Table 2 shows the values of the pore diameter D derived from the percentage of water at the pore centers for different rated pore diameters D0. All four samples were used as an unknown sample in turn. The error corresponds to the spread of values derived from the analysis of several spectra of one sample.

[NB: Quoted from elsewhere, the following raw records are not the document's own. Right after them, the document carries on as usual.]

lemma TV_resample_le:
  fixes ces :: "('x::finite \<times> real) list"
  assumes nonneg: "\<And>z. z \<in> set ces \<Longrightarrow> 0 \<le> snd z" and ne: "ces \<noteq> []" and Ew: "Ew > 0"
  shows "TV (pmf (resample ces)) (\<lambda>c. weight_of ces c / (real (length ces) * Ew))
    \<le> \<bar>sum_list (map snd ces) / real (length ces) - Ew\<bar> / (2 * Ew)"
proof -
  define S where "S = sum_list (map snd ces)"
  define M where "M = real (length ces)"
  have "M > 0" using ne by (simp add: M_def)
  have w_nonneg: "0 \<le> weight_of ces c" for c by (rule weight_of_nonneg[OF nonneg])
  have w_le: "weight_of ces c \<le> S" for c
    unfolding S_def sum_weight_of[symmetric] by (rule member_le_sum) (use w_nonneg in auto)
  show ?thesis
  proof (cases "S = 0")
    case True
    \<comment> \<open>all weights vanish (the uniform fallback of \<open>select_index\<close>): both sides equal \<open>1/2\<close>\<close>
    then have "weight_of ces c = 0" for c using w_le[of c] w_nonneg[of c] by simp
    then show ?thesis using True Ew by (simp add: TV_def S_def sum_pmf_eq_1)
  next
    case False
    then have "S > 0" using w_le w_nonneg by (metis order.order_iff_strict order.trans)
    have "TV (pmf (resample ces)) (\<lambda>c. weight_of ces c / (M * Ew))
        = (\<Sum>c\<in>UNIV. weight_of ces c * \<bar>1 / S - 1 / (M * Ew)\<bar>) / 2"
    proof -
      have "\<bar>weight_of ces c / S - weight_of ces c / (M * Ew)\<bar> = weight_of ces c * \<bar>1 / S - 1 / (M * Ew)\<bar>" for c
      proof -
        have "weight_of ces c / S - weight_of ces c / (M * Ew) = weight_of ces c * (1 / S - 1 / (M * Ew))"
          by (simp add: right_diff_distrib)
        then show ?thesis using w_nonneg[of c] by (simp add: abs_mult)
      qed
      then show ?thesis
        using False by (simp add: TV_def pmf_resample[OF nonneg] S_def)
    qed
    also have "\<dots> = \<bar>S * (1 / S - 1 / (M * Ew))\<bar> / 2"
      using \<open>S > 0\<close> by (simp add: sum_distrib_right[symmetric] S_def sum_weight_of abs_mult)
    also have "S * (1 / S - 1 / (M * Ew)) = (Ew - S / M) / Ew"
      using \<open>S > 0\<close> \<open>M > 0\<close> Ew by (simp add: field_simps)
    finally show ?thesis
      using Ew by (simp add: M_def S_def abs_minus_commute)
  qed
qed
(* Consider the adaptive experiment described in the context, with truncated propensities $\pi_t(a\mid X_t,\Omega_{t-1})\in[1/k_t,1-1/k_t]$. Assume: $\mathrm{Var}(Y_t)<\infty$; $v(a,x)<\infty$ for all $a\in\{0,1\}$, $x\in\mathcal{X}$; $k_t\lVert\hat f_t-f\rVert_2=o_{\mathbb{P}}(1)$; $k_t\lVert\pi_t-\pi\rVert_2=o_{\mathbb{P}}(1)$ for some policy $\pi$ with $1/\pi(a\mid x)<\infty$; $1/\pi^{\mathrm{AIPW}}<C_1$ for some constant $C_1<\infty$; and $\mathrm{Var}(\hat f_{t-1}(a,X_t))<\infty$ for $a\in\{0,1\}$. Then, as $t\to\infty$, $$\mathbb{E} \left[ \left(\hat{f}_{t-1}(1,X_t) - \hat{f}_{t-1}(0,X_t) - \theta_0\right)^2 - \left( f(1,X_t) - f(0,X_t) - \theta_0 \right)^2 ~\Big|~\Omega_{t-1}\right]= o_{\mathbb{P}}(1).$$
   Context: Data-generating process: subjects $t=1,2,\dots$ arrive sequentially. The tuples $(X_t, Y_t(0), Y_t(1))$, $X_t\in\mathcal{X}$, are i.i.d. over $t$. Let $\Omega_{t-1}=\{(X_s,A_s,Y_s): s\le t-1\}$ be the history. Given $X_t$ and $\Omega_{t-1}$, the treatment $A_t\in\{0,1\}$ is drawn with $\mathbb{P}(A_t=1\mid X_t,\Omega_{t-1})=\pi_t(1\mid X_t,\Omega_{t-1})$, independently of the current potential outcomes; $Y_t = \mathbb{1}[A_t=0]Y_t(0)+\mathbb{1}[A_t=1]Y_t(1)$. The policies are $\pi_t=(\tilde\pi_t\vee 1/k_t)\wedge(1-1/k_t)$ for arbitrary $(0,1)$-valued policies $\tilde\pi_t$ and user-chosen $k_t\in[2,\infty)$. $f(a,x)=\mathbb{E}[Y_t(a)\mid X_t=x]$, $v(a,x)=\mathrm{Var}(Y_t(a)\mid X_t=x)$, $\theta_0=\mathbb{E}[Y(1)-Y(0)]$; $\hat f_t$ is an estimator of $f$ built from $\Omega_t$; $\lVert g\rVert_2^2=\int g(x)^2d\mathbb{P}(x)$. $\pi^{\mathrm{AIPW}}(1\mid x)=\frac{\sqrt{v(1,x)}}{\sqrt{v(1,x)}+\sqrt{v(0,x)}}$, $\pi^{\mathrm{AIPW}}(0\mid x)=1-\pi^{\mathrm{AIPW}}(1\mid x)$. *)

theory Defs
  imports "HOL-Probability.Probability"
begin

definition tuple :: "(nat \<Rightarrow> 'w \<Rightarrow> 'x) \<Rightarrow> (nat \<Rightarrow> 'w \<Rightarrow> real) \<Rightarrow> (nat \<Rightarrow> 'w \<Rightarrow> real)
    \<Rightarrow> nat \<Rightarrow> 'w \<Rightarrow> 'x \<times> real \<times> real" where
  "tuple X Y0 Y1 t = (\<lambda>\<omega>. (X t \<omega>, Y0 t \<omega>, Y1 t \<omega>))"

definition obs_outcome :: "(nat \<Rightarrow> 'w \<Rightarrow> bool) \<Rightarrow> (nat \<Rightarrow> 'w \<Rightarrow> real) \<Rightarrow> (nat \<Rightarrow> 'w \<Rightarrow> real)
    \<Rightarrow> nat \<Rightarrow> 'w \<Rightarrow> real" where
  "obs_outcome A Y0 Y1 t \<omega> = (if A t \<omega> then Y1 t \<omega> else Y0 t \<omega>)"

text \<open>History sigma-algebra Omega_n generated by (X_s, A_s, Y_s), 1 <= s <= n
  (subjects are indexed 1,2,...; Omega_0 is trivial).\<close>
definition history :: "'w measure \<Rightarrow> 'x measure \<Rightarrow> (nat \<Rightarrow> 'w \<Rightarrow> 'x) \<Rightarrow> (nat \<Rightarrow> 'w \<Rightarrow> bool)
    \<Rightarrow> (nat \<Rightarrow> 'w \<Rightarrow> real) \<Rightarrow> nat \<Rightarrow> 'w measure" where
  "history M SX X A Y n = sigma (space M)
     (\<Union>s\<in>{1..n}. {(\<lambda>\<omega>. (X s \<omega>, A s \<omega>, Y s \<omega>)) -` B \<inter> space M | B.
        B \<in> sets (SX \<Otimes>\<^sub>M count_space UNIV \<Otimes>\<^sub>M borel)})"

definition pre_treatment :: "'w measure \<Rightarrow> 'x measure \<Rightarrow> (nat \<Rightarrow> 'w \<Rightarrow> 'x) \<Rightarrow> (nat \<Rightarrow> 'w \<Rightarrow> real)
    \<Rightarrow> (nat \<Rightarrow> 'w \<Rightarrow> real) \<Rightarrow> (nat \<Rightarrow> 'w \<Rightarrow> bool) \<Rightarrow> nat \<Rightarrow> 'w measure" where
  "pre_treatment M SX X Y0 Y1 A t = sigma (space M)
     (sets (history M SX X A (obs_outcome A Y0 Y1) (t - 1)) \<union>
      {tuple X Y0 Y1 t -` B \<inter> space M | B. B \<in> sets (SX \<Otimes>\<^sub>M borel \<Otimes>\<^sub>M borel)})"

definition L2dist :: "'x measure \<Rightarrow> ('x \<Rightarrow> real) \<Rightarrow> ('x \<Rightarrow> real) \<Rightarrow> real" where
  "L2dist P g h = sqrt (\<integral>x. (g x - h x)\<^sup>2 \<partial>P)"

definition op1 :: "'w measure \<Rightarrow> (nat \<Rightarrow> 'w \<Rightarrow> real) \<Rightarrow> bool" where
  "op1 M Z \<longleftrightarrow> (\<forall>e>0. (\<lambda>t. measure M {\<omega> \<in> space M. e < \<bar>Z t \<omega>\<bar>}) \<longlonglongrightarrow> 0)"

definition trunc :: "real \<Rightarrow> real \<Rightarrow> real" where
  "trunc k p = min (max p (1 / k)) (1 - 1 / k)"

Table 2.   Pore diameters of the samples under study

Table 2 shows that the technique suggested for estimation of the pore diameters gives good results. The pore diameters found coincide with the data obtained by the gas adsorption method within the measurement error. The technique does not require the use of liquid nitrogen and is quite fast, measurements take only a few minutes. A concept of a statistical pore size distribution for any, even calibrated, nanoporous material should be noted. The technique suggested allows one to calculate the average pore size in a sample.

CONCLUSIONS

Based on the regression analysis of the absorption spectrum of water confined in nanopores of silica Ssp2t8, S. acus, Panreac, and SAC30M, a technique for estimating the pore diameter has been developed. The porosimetry procedure consists in filling a substance with liquid water, recording the absorption spectra of the substance with water, compiling a spectroscopic database which characterizes substances with different pore sizes, and retrieving the pore diameter of an arbitrary substance by regression analysis. The error of the technique is less than 1 nm, and the analysis time is less than 10 min. The software has been developed to automate the porosimetry procedure.